Die Folgen des Building Information Modeling für Bauunternehmen

von Prof. Dr. Gerhard Syben

Building Information Modeling (BIM) ist die Arbeitsweise der Zukunft in Bauunternehmen. Zwar ist die Verbreitung noch gering, die erwartete Steigerung von Planungsqualität sowie Kosten- und Terminsicherheit macht BIM jedoch attraktiv. In der Literatur sind allerdings bisher allein Ziele und ingenieurwissenschaftliche Grundlagen behandelt worden.[1] Die tatsächlichen Abläufe bei Einführung und Anwendung von BIM und die Folgen für die Arbeit in den Unternehmen stehen dagegen kaum im Blickpunkt. Jetzt liegt erstmals eine empirische Bestandsaufnahme zu „Folgen der Einführung von BIM für die Arbeit in Bauunternehmen“ vor.[2]
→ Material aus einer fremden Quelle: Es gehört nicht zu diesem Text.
lemma frob_norm_sq_mult_left_le:
  fixes M :: "real^'k^'m" and A :: "real^'n^'k"
  assumes "\<And>y. norm (M *v y) \<le> s * norm y"
  shows "frob_norm_sq (M ** A) \<le> s^2 * frob_norm_sq A"
proof -
  have "norm (column j (M ** A)) ^ 2 \<le> s^2 * norm (column j A) ^ 2" for j
  proof -
    have "column j (M ** A) = M *v column j A"
      by (simp add: vec_eq_iff column_def matrix_matrix_mult_def matrix_vector_mult_def)
    then have "norm (column j (M ** A)) \<le> s * norm (column j A)"
      using assms by simp
    then show ?thesis
      by (metis norm_ge_zero power_mono power_mult_distrib)
  qed
  then show ?thesis
    unfolding frob_norm_sq_columns by (simp add: sum_distrib_left sum_mono)
qed

lemma norm_transpose_mult_le:
  fixes M :: "real^'n^'m"
  assumes "\<And>y. norm (M *v y) \<le> s * norm y"
  shows "norm (transpose M *v x) \<le> s * norm x"
proof -
  define z where "z = transpose M *v x"
  have "z = x v* M"
    unfolding z_def using vector_transpose_matrix[of x "transpose M"] by simp
  then have "norm z ^ 2 = x \<bullet> (M *v z)"
    by (simp add: power2_norm_eq_inner dot_lmul_matrix)
  also have "\<dots> \<le> norm x * (s * norm z)"
    using norm_cauchy_schwarz[of x "M *v z"] mult_left_mono[OF assms[of z], of "norm x"]
    by simp
  finally have "norm z * norm z \<le> (s * norm x) * norm z"
    by (simp add: power2_eq_square algebra_simps)
  moreover have "0 \<le> s"
    using order_trans[OF norm_ge_zero assms[of "axis undefined 1"]] by simp
  ultimately show ?thesis
    unfolding z_def[symmetric] by (cases "z = 0") (auto simp: mult_le_cancel_right)
qed

lemma frob_norm_sq_mult_right_le:
  fixes M :: "real^'k^'n" and A :: "real^'n^'m"
  assumes "\<And>y. norm (M *v y) \<le> s * norm y"
  shows "frob_norm_sq (A ** M) \<le> s^2 * frob_norm_sq A"
  using frob_norm_sq_mult_left_le[of "transpose M" s "transpose A", OF norm_transpose_mult_le[OF assms]]
  by (simp add: frob_norm_sq_transpose matrix_transpose_mul[symmetric])

lemma frob_norm_sq_mult3_le:
  fixes A :: "real^'k^'m" and B :: "real^'l^'k" and C :: "real^'n^'l"
  assumes "\<And>y. norm (A *v y) \<le> a * norm y" "\<And>y. norm (C *v y) \<le> c * norm y"
  shows "frob_norm_sq (A ** B ** C) \<le> (a * c)^2 * frob_norm_sq B"
proof -
  have "frob_norm_sq (A ** B ** C) \<le> c^2 * frob_norm_sq (A ** B)"
    by (rule frob_norm_sq_mult_right_le[OF assms(2)])
  also have "\<dots> \<le> c^2 * (a^2 * frob_norm_sq B)"
    by (intro mult_left_mono frob_norm_sq_mult_left_le[OF assms(1)]) simp
  finally show ?thesis by (simp add: algebra_simps)
qed

lemma norm_mult_le_sigma_max: "norm (V *v x) \<le> sigma_max V * norm x"
  unfolding sigma_max_def using onorm[OF matrix_vector_mul_bounded_linear[of V]] by simp
(* Let $\phi$ be an instance of \textsc{Max (2,3)-SAT} with $n$ variables and let $T_\phi$ be the tournament instance constructed from $\phi$ as described in the context. Let $\mathsf{opt}_A(\phi)$ be the maximum number of clauses of $\phi$ satisfied by an assignment and $\mathsf{opt}_B(T_\phi)$ the maximum tournament value of $T_\phi$ over all seedings. Then $\mathsf{opt}_B(T_\phi)=\mathsf{opt}_A(\phi)+n$.
   Context: Tournament model: players form a finite set of size $2^{n'}$ totally ordered by strength (stronger beats weaker). A seeding is a bijection $\sigma$ from players to $[2^{n'}]$. In round $r=1,\dots,n'$, for each block of seed positions $\{(k-1)2^r+1,\dots,k2^r\}$, the winner $a$ of its first half $\{(k-1)2^r+1,\dots,(k-1)2^r+2^{r-1}\}$ plays the winner $b$ of its second half (a single-position block is won by the player seeded there), the stronger one wins the block, and the game has value $v(a,b)$ (values do not depend on the round). The tournament value is the sum of values of all games played. \textsc{Max (2,3)-SAT} instance: a CNF formula $\phi$ with variables $x_1,\dots,x_n$ and clauses $c_1,\dots,c_m$, each clause having exactly two literals and each variable appearing in at most three clauses. Construction of $T_\phi$: let $n'$ be the smallest integer with $16n\le 2^{n'}$ and $p=2^{n'}-16n$. Players: for each $i\in[n]$, variable players $x_i,x_i^T,x_i^F$ and special players $\widehat d_i,d_i,\widetilde d_i$; for each clause $c$, a clause player $c$; dummy players $f_1,\dots,f_{10n+p-m}$. Strength order (strongest first): $\widehat d_1>d_1>\widetilde d_1>\widehat d_2>d_2>\widetilde d_2>\dots>\widehat d_n>d_n>\widetilde d_n>x_1>x_1^T>x_1^F>\dots>x_n>x_n^T>x_n^F>c_1>\dots>c_m>f_1>\dots>f_{10n+p-m}$. Round-oblivious symmetric game values ($v(a,b)=v(b,a)$): for each $i$, $v(x_i,x_i^T)=v(x_i,x_i^F)=1$; for each clause $c$ containing a literal of variable $x$, $v(c,x^T)=1$ if $x$ appears non-negated in $c$ and $v(c,x^F)=1$ if it appears negated; for each $i$, $v(d_i,\widehat d_i)=v(d_i,\widetilde d_i)=v(d_i,x_i)=0$; for each $i$ and every player $Y$ for which the pair value has not been set above, $v(d_i,Y)=v(x_i,Y)=-5$; all remaining pairs have value $0$. Thus the values lie in $\{0,1,-5\}$. *)

theory Defs
  imports Main
begin

text \<open>Strength is encoded by a rank function: smaller rank = stronger player.  The block of round r with index k (k >= 1) consists of
  the positions (k-1)2^r+1 .. k 2^r; round 0 blocks are single positions.\<close>

definition stronger_of :: "('a \<Rightarrow> nat) \<Rightarrow> 'a \<Rightarrow> 'a \<Rightarrow> 'a" where
  "stronger_of rk a b = (if rk a \<le> rk b then a else b)"

text \<open>s maps a seed position to the player seeded there.\<close>
fun block_winner :: "('a \<Rightarrow> nat) \<Rightarrow> (nat \<Rightarrow> 'a) \<Rightarrow> nat \<Rightarrow> nat \<Rightarrow> 'a" where
  "block_winner rk s 0 k = s k"
| "block_winner rk s (Suc r) k =
     stronger_of rk (block_winner rk s r (2 * k - 1)) (block_winner rk s r (2 * k))"
lemma Zinvk_dvd_of_int_iff:
  assumes "k \<noteq> 0" "a \<noteq> 0 \<Longrightarrow> coprime a k"
  shows "Zinvk_dvd k (of_int a) (of_int b) \<longleftrightarrow> a dvd b"
proof
  assume "a dvd b"
  then obtain c where "b = a * c" ..
  then show "Zinvk_dvd k (of_int a) (of_int b)"
    unfolding Zinvk_dvd_def by (intro bexI[of _ "of_int c"]) simp_all
next
  assume "Zinvk_dvd k (of_int a) (of_int b)"
  then obtain \<rho> where "\<rho> \<in> Zinvk k" and b: "of_int b = of_int a * \<rho>"
    unfolding Zinvk_dvd_def by blast
  then obtain n z where \<rho>: "\<rho> * of_int k ^ n = of_int z"
    using Zinvk_iff[OF assms(1)] by blast
  have "(of_int (b * k ^ n) :: rat) = of_int (a * z)"
    by (simp add: b flip: \<rho>)
  then have "a dvd b * k ^ n"
    by (metis dvd_triv_left of_int_eq_iff)
  then show "a dvd b"
    using assms by (cases "a = 0") (simp_all add: coprime_dvd_mult_left_iff)
qed

lemma Zinvk_dvd_unit_mult_iff:
  assumes "k \<noteq> 0"
    and "u \<noteq> 0" "u \<in> Zinvk k" "inverse u \<in> Zinvk k"
    and "v \<noteq> 0" "v \<in> Zinvk k" "inverse v \<in> Zinvk k"
  shows "Zinvk_dvd k (u * \<alpha>) (v * \<beta>) \<longleftrightarrow> Zinvk_dvd k \<alpha> \<beta>"
proof
  assume "Zinvk_dvd k (u * \<alpha>) (v * \<beta>)"
  then obtain \<rho> where \<rho>: "\<rho> \<in> Zinvk k" "v * \<beta> = u * \<alpha> * \<rho>"
    unfolding Zinvk_dvd_def by blast
  have "\<beta> = \<alpha> * (u * \<rho> * inverse v)"
    using \<rho>(2) assms by (simp add: field_simps)
  moreover have "u * \<rho> * inverse v \<in> Zinvk k"
    using \<rho>(1) assms by (simp add: Zinvk_mult)
  ultimately show "Zinvk_dvd k \<alpha> \<beta>"
    unfolding Zinvk_dvd_def by blast
next
  assume "Zinvk_dvd k \<alpha> \<beta>"
  then obtain \<rho> where \<rho>: "\<rho> \<in> Zinvk k" "\<beta> = \<alpha> * \<rho>"
    unfolding Zinvk_dvd_def by blast
  have "v * \<beta> = u * \<alpha> * (v * \<rho> * inverse u)"
    using \<rho>(2) assms by (simp add: field_simps)
  moreover have "v * \<rho> * inverse u \<in> Zinvk k"
    using \<rho>(1) assms by (simp add: Zinvk_mult)
  ultimately show "Zinvk_dvd k (u * \<alpha>) (v * \<beta>)"
    unfolding Zinvk_dvd_def by blast
qed

lemma one_minus_powi_eq:
  fixes k :: int
  assumes "k \<noteq> 0"
  shows "1 - of_int k powi (- n) =
    (if n \<ge> 0 then of_int k powi (- n) else - 1) * (of_int (k ^ nat \<bar>n\<bar> - 1) :: rat)"
  using assms by (simp add: power_int_def field_simps)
Danach ist die Nutzung von BIM eher anwender- als nachfragegetrieben. Politische Initiativen zur Propagierung von BIM oder Insellösungen einzelner großer Auftraggeber haben bisher nicht dazu geführt, dass Auftraggeberseite oder Planungsbüros die Anwendung von BIM in nennenswertem Umfang einfordern. Die Vorstellung, vom Auftraggeber ein Datenmodell zu bekommen ist offensichtlich noch Zukunftsmusik. Das ist nicht ohne Brisanz: wenn die Bauunternehmen sich die planerischen Grundlagen selbst erarbeiten müssen, wird eine vorausgehende Planung nicht mehr benötigt. Auch gibt es einen Zusammenhang von BIM mit Partnering-Modellen. Also ergreifen die Bauunternehmen selbst die Initiative und beschaffen sich die erforderlichen Ressourcen, vor allem Software und Kompetenz. Standardlösungen für BIM werden weder gesehen noch geschätzt, also erarbeitet sich jedes Unternehmen seinen spezifischen Weg zu BIM selbst.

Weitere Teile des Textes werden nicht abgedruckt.